Lines below that include the word "subseteq" should each be copied.

Data records:
==========
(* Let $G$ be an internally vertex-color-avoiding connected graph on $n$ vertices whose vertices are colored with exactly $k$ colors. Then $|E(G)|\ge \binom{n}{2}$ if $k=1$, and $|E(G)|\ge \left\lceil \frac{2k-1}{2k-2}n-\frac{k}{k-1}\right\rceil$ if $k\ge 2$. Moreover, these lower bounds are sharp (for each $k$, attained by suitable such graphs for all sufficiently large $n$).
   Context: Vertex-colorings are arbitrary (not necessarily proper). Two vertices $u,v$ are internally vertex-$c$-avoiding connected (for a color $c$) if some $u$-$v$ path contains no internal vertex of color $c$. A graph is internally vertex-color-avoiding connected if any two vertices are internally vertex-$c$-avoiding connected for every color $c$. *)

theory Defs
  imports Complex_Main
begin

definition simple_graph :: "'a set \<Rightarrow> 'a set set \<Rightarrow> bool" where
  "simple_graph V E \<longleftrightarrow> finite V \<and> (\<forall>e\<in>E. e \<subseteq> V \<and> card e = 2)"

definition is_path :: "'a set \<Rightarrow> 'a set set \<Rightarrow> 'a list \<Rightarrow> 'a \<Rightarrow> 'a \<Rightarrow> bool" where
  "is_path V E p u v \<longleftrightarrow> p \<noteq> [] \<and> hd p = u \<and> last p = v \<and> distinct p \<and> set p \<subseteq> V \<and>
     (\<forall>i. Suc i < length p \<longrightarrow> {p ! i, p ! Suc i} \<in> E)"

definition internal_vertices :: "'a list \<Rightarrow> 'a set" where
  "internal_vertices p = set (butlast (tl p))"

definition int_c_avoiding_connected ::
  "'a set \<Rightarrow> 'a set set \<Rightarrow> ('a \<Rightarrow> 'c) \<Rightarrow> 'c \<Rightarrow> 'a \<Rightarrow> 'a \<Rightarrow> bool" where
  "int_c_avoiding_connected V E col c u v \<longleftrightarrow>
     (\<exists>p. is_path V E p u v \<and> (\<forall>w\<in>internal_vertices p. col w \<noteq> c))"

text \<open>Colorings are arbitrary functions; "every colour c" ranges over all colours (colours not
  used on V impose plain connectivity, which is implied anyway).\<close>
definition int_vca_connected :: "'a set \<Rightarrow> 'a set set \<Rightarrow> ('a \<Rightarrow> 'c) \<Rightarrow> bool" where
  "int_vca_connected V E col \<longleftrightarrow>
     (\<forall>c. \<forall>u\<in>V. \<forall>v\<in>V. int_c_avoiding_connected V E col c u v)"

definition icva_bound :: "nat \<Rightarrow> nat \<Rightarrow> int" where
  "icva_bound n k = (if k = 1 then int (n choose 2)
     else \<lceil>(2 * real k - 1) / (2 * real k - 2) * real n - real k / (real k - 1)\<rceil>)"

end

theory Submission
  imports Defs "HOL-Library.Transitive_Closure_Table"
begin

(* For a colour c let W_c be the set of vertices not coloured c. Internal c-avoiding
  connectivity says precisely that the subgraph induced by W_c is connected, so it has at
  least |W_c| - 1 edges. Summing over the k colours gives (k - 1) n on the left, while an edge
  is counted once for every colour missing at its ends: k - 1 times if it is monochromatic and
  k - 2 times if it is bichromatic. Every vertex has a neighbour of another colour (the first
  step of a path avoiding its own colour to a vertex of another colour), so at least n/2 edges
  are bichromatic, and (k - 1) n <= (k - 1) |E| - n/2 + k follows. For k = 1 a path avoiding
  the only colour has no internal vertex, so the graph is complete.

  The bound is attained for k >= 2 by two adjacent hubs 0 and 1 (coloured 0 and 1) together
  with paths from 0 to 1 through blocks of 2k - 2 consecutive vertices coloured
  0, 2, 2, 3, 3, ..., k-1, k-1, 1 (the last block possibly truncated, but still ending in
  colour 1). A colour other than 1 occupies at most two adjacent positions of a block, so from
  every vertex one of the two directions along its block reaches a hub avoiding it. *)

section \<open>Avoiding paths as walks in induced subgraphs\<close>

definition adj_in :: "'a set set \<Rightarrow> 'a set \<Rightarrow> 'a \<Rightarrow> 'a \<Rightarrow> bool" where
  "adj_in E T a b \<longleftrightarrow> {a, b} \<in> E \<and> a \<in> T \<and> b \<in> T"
==========
Output of the task:
  "simple_graph V E \<longleftrightarrow> finite V \<and> (\<forall>e\<in>E. e \<subseteq> V \<and> card e = 2)"
  "is_path V E p u v \<longleftrightarrow> p \<noteq> [] \<and> hd p = u \<and> last p = v \<and> distinct p \<and> set p \<subseteq> V \<and>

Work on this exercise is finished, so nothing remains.